“The earth provides us a brand new beginning every twenty-four hours. It is a repeated invitation to breathe in the cool morning air and start afresh; to mimic the sunrise and brighten up while reaching once more for the sky; to carry a glad song in our heart like the early birds; and, as faithfully as the morning dew, to wash off the dust from yesterday.” ― Richelle E. Goodrich, Making Wishes
On my to do list for awhile now has been a note to make more time in my day to return to more creative endeavors. Since I took over at Shine almost 6 years ago now, I’ve struggled with expectations and a to do list that I could never complete. So arose an effort to peel away as much of those to do’s as I could so that I could still take “good” care of a challenging small business while maintaining my main priority at this time in my life — to be as present as I can be for my children while they still need me.
Then there’s Facebook. It’s such a great tool for connecting and sharing. So full of words and images, it too was feeding my creative spirit. I’ve come to terms though; that it’s taken over any time and space I really had for creativity and while I still like it, I’ve realized that my creativity has lost a lot of depth and texture so I can focus on quality over quantity.
And here I am. Reviving a blog I left behind three years ago. Excited to see what comes of starting over again.
How about you? Is there anything you’ve left behind that still calls to you but you struggle to find the time, or the energy, or the money, or the motivation to start over again?

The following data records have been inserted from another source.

lemma sum_code_degree_parity_class:
  assumes C: "C \<subseteq> words n"
  shows "(\<Sum>x\<in>parity_class n b. code_degree C x) = n * card {c \<in> C. even_weight c \<noteq> b}"
proof -
  have fin: "finite C" "finite (parity_class n b)"
    using C finite_words finite_subset by (auto simp: parity_class_def)
  have "(\<Sum>x\<in>parity_class n b. code_degree C x)
      = (\<Sum>x\<in>parity_class n b. \<Sum>c\<in>C. of_bool (c \<in> neighbours x))"
    using fin by (simp add: code_degree_def Int_commute Int_def)
  also have "\<dots> = (\<Sum>c\<in>C. \<Sum>x\<in>parity_class n b. of_bool (c \<in> neighbours x))"
    by (rule sum.swap)
  also have "\<dots> = (\<Sum>c\<in>C. n * of_bool (even_weight c \<noteq> b))"
  proof (rule sum.cong [OF refl])
    fix c assume "c \<in> C"
    then have c: "c \<in> words n" using C by blast
    have "(\<Sum>x\<in>parity_class n b. of_bool (c \<in> neighbours x))
        = card {x \<in> parity_class n b. c \<in> neighbours x}"
      using fin by (simp add: Int_def)
    also have "\<dots> = n * of_bool (even_weight c \<noteq> b)"
      using c by (simp add: neighbours_in_parity_class card_neighbours words_def)
    finally show "(\<Sum>x\<in>parity_class n b. of_bool (c \<in> neighbours x)) = n * of_bool (even_weight c \<noteq> b)" .
  qed
  also have "\<dots> = n * card {c \<in> C. even_weight c \<noteq> b}"
    using fin by (simp add: sum_distrib_left[symmetric] Int_def conj_commute)
  finally show ?thesis .
qed
lemma ring_ideal_coeff_image:
  assumes "submodule M"
  shows "ring_ideal ((\<lambda>p. coeff p a) ` M)"
  unfolding ring_ideal_def
proof (intro conjI ballI allI)
  show "0 \<in> (\<lambda>p. coeff p a) ` M" using assms by (force simp: submodule_def)
next
  fix x y assume "x \<in> (\<lambda>p. coeff p a) ` M" "y \<in> (\<lambda>p. coeff p a) ` M"
  then obtain p q where "p \<in> M" "q \<in> M" "x = coeff p a" "y = coeff q a" by blast
  then show "x + y \<in> (\<lambda>p. coeff p a) ` M" using assms
    by (intro image_eqI[of _ _ "p + q"]) (auto simp: submodule_def lookup_add)
next
  fix r x assume "x \<in> (\<lambda>p. coeff p a) ` M"
  then obtain p where "p \<in> M" "x = coeff p a" by blast
  then show "r * x \<in> (\<lambda>p. coeff p a) ` M" using assms
    by (intro image_eqI[of _ _ "smult r p"]) (auto simp: submodule_def)
qed

text \<open>Induction on the support: the coefficients at a new word \<open>a\<close> form an ideal of \<open>K\<close>;
  lifts of its generators together with generators of \<open>{p \<in> M. coeff p a = 0}\<close> span \<open>M\<close>.\<close>

lemma noetherian_submodule_fg:
  assumes noeth: "noetherian_ring TYPE('k::comm_ring_1)" and fin: "finite S"
    and "submodule M" and "M \<subseteq> {p::('a,'k) ncpoly. supp p \<subseteq> S}"
  shows "\<exists>B. finite B \<and> B \<subseteq> M \<and> M = span B"
  using fin assms(3,4)
proof (induction S arbitrary: M rule: finite_induct)
  case empty
  then have "M \<subseteq> {0}" by auto
  then have "M = {0}" using empty.prems(1) by (auto simp: submodule_def)
  then show ?case by (intro exI[of _ "{}"]) (auto simp: span_def)
next
  case (insert a S M)
  define I where "I = (\<lambda>p. coeff p a) ` M"
  have "ring_ideal I" unfolding I_def using insert.prems(1) by (rule ring_ideal_coeff_image)
  then obtain G where G: "finite G" "G \<subseteq> I" "I = {\<Sum>g\<in>G. c g * g | c. True}"
    using noeth[unfolded noetherian_ring_def, rule_format, OF \<open>ring_ideal I\<close>] by auto
  have "\<forall>g\<in>G. \<exists>p\<in>M. coeff p a = g" using G(2) by (auto simp: I_def)
  then obtain pre where pre: "\<And>g. g \<in> G \<Longrightarrow> pre g \<in> M \<and> coeff (pre g) a = g" by metis
  define M' where "M' = {p\<in>M. coeff p a = 0}"
  have "submodule M'" using insert.prems unfolding M'_def submodule_def by (auto simp: lookup_add)
  moreover have "M' \<subseteq> {p. supp p \<subseteq> S}" using insert.prems unfolding M'_def by (auto simp: in_keys_iff)
  ultimately obtain B' where B': "finite B'" "B' \<subseteq> M'" "M' = span B'" using insert.IH by meson
  define B where "B = pre ` G \<union> B'"
  have finB: "finite B" using B' G by (simp add: B_def)
  have BM: "B \<subseteq> M" using B' pre unfolding B_def M'_def by auto
  have "M \<subseteq> span B"
  proof
    fix p assume p: "p \<in> M"
    then have "coeff p a \<in> I" by (simp add: I_def)
    then obtain c where c: "coeff p a = (\<Sum>g\<in>G. c g * g)" using G(3) by blast
    define x where "x = (\<Sum>g\<in>G. smult (c g) (pre g))"
    have xM: "x \<in> M" unfolding x_def
      by (rule submodule_sum[OF insert.prems(1)]) (use insert.prems(1) pre in \<open>auto simp: submodule_def\<close>)
    have xs: "x \<in> span B" unfolding x_def
      by (rule span_sum, rule span_smult, rule span_base[OF finB]) (auto simp: B_def)
    have "p - x \<in> M'" unfolding M'_def
      using submodule_diff[OF insert.prems(1) p xM] by (simp add: lookup_minus x_def lookup_sum c pre)
    then have "p - x \<in> span B" using B' span_mono[OF finB, of B'] by (auto simp: B_def)
    then have "(p - x) + x \<in> span B" using xs span_add by blast
    then show "p \<in> span B" by simp
  qed
  moreover have "span B \<subseteq> M" using span_subset[OF insert.prems(1) BM] .
  ultimately show ?case using finB BM by blast
qed
lemma rho_inf_mult_int_V_le_int_E:
  assumes G: "metric_graph Vs Es ends len Vm a" and F: "graph_C0_fn Vs Es ends len fv fe"
    and ccv: "\<forall>e\<in>Es. concave_on {0..len e} (fe e)" and nonneg: "\<forall>v\<in>Vs. 0 \<le> fv v"
  shows "enn2ereal (rho_inf Vs Es ends len Vm a) * ereal (int_V Vs Vm fv) \<le> ereal (int_E Es len a fe)"
proof -
  have fin: "finite (vertex_support Vs fv)"
    using F by (rule finite_vertex_support)
  have "enn2ereal (rho_inf Vs Es ends len Vm a) * ereal (\<Sum>v\<in>vertex_support Vs fv. Vm v * fv v)
      \<le> ereal (\<Sum>v\<in>vertex_support Vs fv. Vm v * fv v * enn2real (half_degree Es ends len Vm a v))"
  proof (rule bound_mult_sum_le_ereal_sum_mult[OF fin])
    fix v assume v_supp: "v \<in> vertex_support Vs fv"
    then have v: "v \<in> Vs" by (simp add: vertex_support_def)
    show "0 \<le> Vm v * fv v" using G nonneg v by (auto simp: metric_graph_def less_imp_le)
    show "rho_inf Vs Es ends len Vm a \<le> half_degree Es ends len Vm a v"
      unfolding rho_inf_def using v by (rule INF_lower)
    show "half_degree Es ends len Vm a v \<noteq> top"
      by (simp add: half_degree_on_vertex_support[OF G F v_supp])
  qed
  also have "\<dots> \<le> ereal (int_E Es len a fe)"
    using half_degree_sum_le_int_E[OF G F ccv] by simp
  finally show ?thesis
    by (simp add: int_V_eq_sum_vertex_support fin)
qed

lemma half_degree_sum_eq_const_mult_int_V:
  assumes G: "metric_graph Vs Es ends len Vm a" and F: "graph_C0_fn Vs Es ends len fv fe"
    and regular: "\<forall>v\<in>Vs. half_degree Es ends len Vm a v = S"
  shows "ereal (\<Sum>v\<in>vertex_support Vs fv. Vm v * fv v * enn2real (half_degree Es ends len Vm a v))
    = enn2ereal S * ereal (int_V Vs Vm fv)"
proof -
  have fin: "finite (vertex_support Vs fv)"
    using F by (rule finite_vertex_support)
  then show ?thesis
    using regular half_degree_on_vertex_support[OF G F]
    by (auto simp: int_V_eq_sum_vertex_support vertex_support_def intro!: ereal_sum_mult_const)
qed

lemma int_E_le_const_mult_int_V:
  assumes G: "metric_graph Vs Es ends len Vm a" and F: "graph_C0_fn Vs Es ends len fv fe"
    and cvx: "\<forall>e\<in>Es. convex_on {0..len e} (fe e)"
    and regular: "\<forall>v\<in>Vs. half_degree Es ends len Vm a v = S"
  shows "ereal (int_E Es len a fe) \<le> enn2ereal S * ereal (int_V Vs Vm fv)"
  using int_E_le_half_degree_sum[OF G F cvx] half_degree_sum_eq_const_mult_int_V[OF G F regular]
  by (metis ereal_less_eq(3))

lemma const_mult_int_V_le_int_E:
  assumes G: "metric_graph Vs Es ends len Vm a" and F: "graph_C0_fn Vs Es ends len fv fe"
    and ccv: "\<forall>e\<in>Es. concave_on {0..len e} (fe e)"
    and regular: "\<forall>v\<in>Vs. half_degree Es ends len Vm a v = S"
  shows "enn2ereal S * ereal (int_V Vs Vm fv) \<le> ereal (int_E Es len a fe)"
  using half_degree_sum_le_int_E[OF G F ccv] half_degree_sum_eq_const_mult_int_V[OF G F regular]
  by (metis ereal_less_eq(3))

theorem mainTheorem1:
  fixes Vs :: "'v set" and Es :: "'e set" and ends :: "'e \<Rightarrow> 'v \<times> 'v"
    and len :: "'e \<Rightarrow> real" and Vm :: "'v \<Rightarrow> real" and a :: "'e \<Rightarrow> real"
  assumes G: "metric_graph Vs Es ends len Vm a"
  shows
   "(\<forall>fv fe. graph_C0_fn Vs Es ends len fv fe
        \<and> (\<forall>e\<in>Es. convex_on {0..len e} (fe e)) \<and> (\<forall>v\<in>Vs. fv v \<ge> 0)
      \<longrightarrow> ereal (int_E Es len a fe)
            \<le> enn2ereal (rho_sup Vs Es ends len Vm a) * ereal (int_V Vs Vm fv))
  \<and> (\<forall>fv fe. graph_C0_fn Vs Es ends len fv fe
        \<and> (\<forall>e\<in>Es. concave_on {0..len e} (fe e))
        \<and> (\<forall>v\<in>Vs. fv v \<ge> 0) \<and> (\<forall>e\<in>Es. \<forall>t\<in>{0..len e}. fe e t \<ge> 0)
      \<longrightarrow> enn2ereal (rho_inf Vs Es ends len Vm a) * ereal (int_V Vs Vm fv)
            \<le> ereal (int_E Es len a fe))
  \<and> (rho_inf Vs Es ends len Vm a = rho_sup Vs Es ends len Vm a \<longrightarrow>
      (\<forall>fv fe. graph_C0_fn Vs Es ends len fv fe
          \<and> (\<forall>e\<in>Es. convex_on {0..len e} (fe e))
        \<longrightarrow> ereal (int_E Es len a fe)
              \<le> enn2ereal (rho_sup Vs Es ends len Vm a) * ereal (int_V Vs Vm fv))
    \<and> (\<forall>fv fe. graph_C0_fn Vs Es ends len fv fe
          \<and> (\<forall>e\<in>Es. concave_on {0..len e} (fe e))
        \<longrightarrow> enn2ereal (rho_inf Vs Es ends len Vm a) * ereal (int_V Vs Vm fv)
              \<le> ereal (int_E Es len a fe)))"
proof -
  let ?sup = "rho_sup Vs Es ends len Vm a" and ?inf = "rho_inf Vs Es ends len Vm a"
  have regular: "\<forall>v\<in>Vs. half_degree Es ends len Vm a v = ?sup" if "?inf = ?sup"
    using that unfolding rho_inf_def rho_sup_def by (metis INF_lower SUP_upper antisym)
  show ?thesis
  proof (intro conjI allI impI; elim conjE)
    fix fv fe
    assume "graph_C0_fn Vs Es ends len fv fe" "\<forall>e\<in>Es. convex_on {0..len e} (fe e)" "\<forall>v\<in>Vs. 0 \<le> fv v"
    then show "ereal (int_E Es len a fe) \<le> enn2ereal ?sup * ereal (int_V Vs Vm fv)"
      by (rule int_E_le_rho_sup_mult_int_V[OF G])
  next
    fix fv fe
    assume "graph_C0_fn Vs Es ends len fv fe" "\<forall>e\<in>Es. concave_on {0..len e} (fe e)" "\<forall>v\<in>Vs. 0 \<le> fv v"
    then show "enn2ereal ?inf * ereal (int_V Vs Vm fv) \<le> ereal (int_E Es len a fe)"
      by (rule rho_inf_mult_int_V_le_int_E[OF G])
  next
    fix fv fe
    assume "?inf = ?sup" "graph_C0_fn Vs Es ends len fv fe" "\<forall>e\<in>Es. convex_on {0..len e} (fe e)"
    then show "ereal (int_E Es len a fe) \<le> enn2ereal ?sup * ereal (int_V Vs Vm fv)"
      using int_E_le_const_mult_int_V[OF G] regular by blast
  next
    fix fv fe
    assume "?inf = ?sup" "graph_C0_fn Vs Es ends len fv fe" "\<forall>e\<in>Es. concave_on {0..len e} (fe e)"
    then show "enn2ereal ?inf * ereal (int_V Vs Vm fv) \<le> ereal (int_E Es len a fe)"
      using const_mult_int_V_le_int_E[OF G] regular by metis
  qed
qed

I know it’s hard. I also know that usually just one little small step can be just enough to get us rolling again. The hardest part is getting organized to start and of over-coming that initial inertia of change. Once we make that initial shift, we can more clearly decide if that call was coming from a place of intuition or of old wistfulness? The truth is some things are meant to be left behind and rather than starting over we would best be served by starting anew.
This was a call I had to test out. I can’t be sure of what will come of starting over here and so I make not promises of how often I’ll be back or exactly what will show up here. But I had to try again.
While I will always miss summer as it turns to fall, I love this “back to school” time of year because I naturally feel inspired to buckle down a bit and refocus my priorities and the way I spend my time and energy. For anyone else out there starting over or starting something anew I’m sending you a little nod of acknowledgement and encouragement. And for the others, content where you are, the same nod of acknowledgement and respect that you are in a state of peace.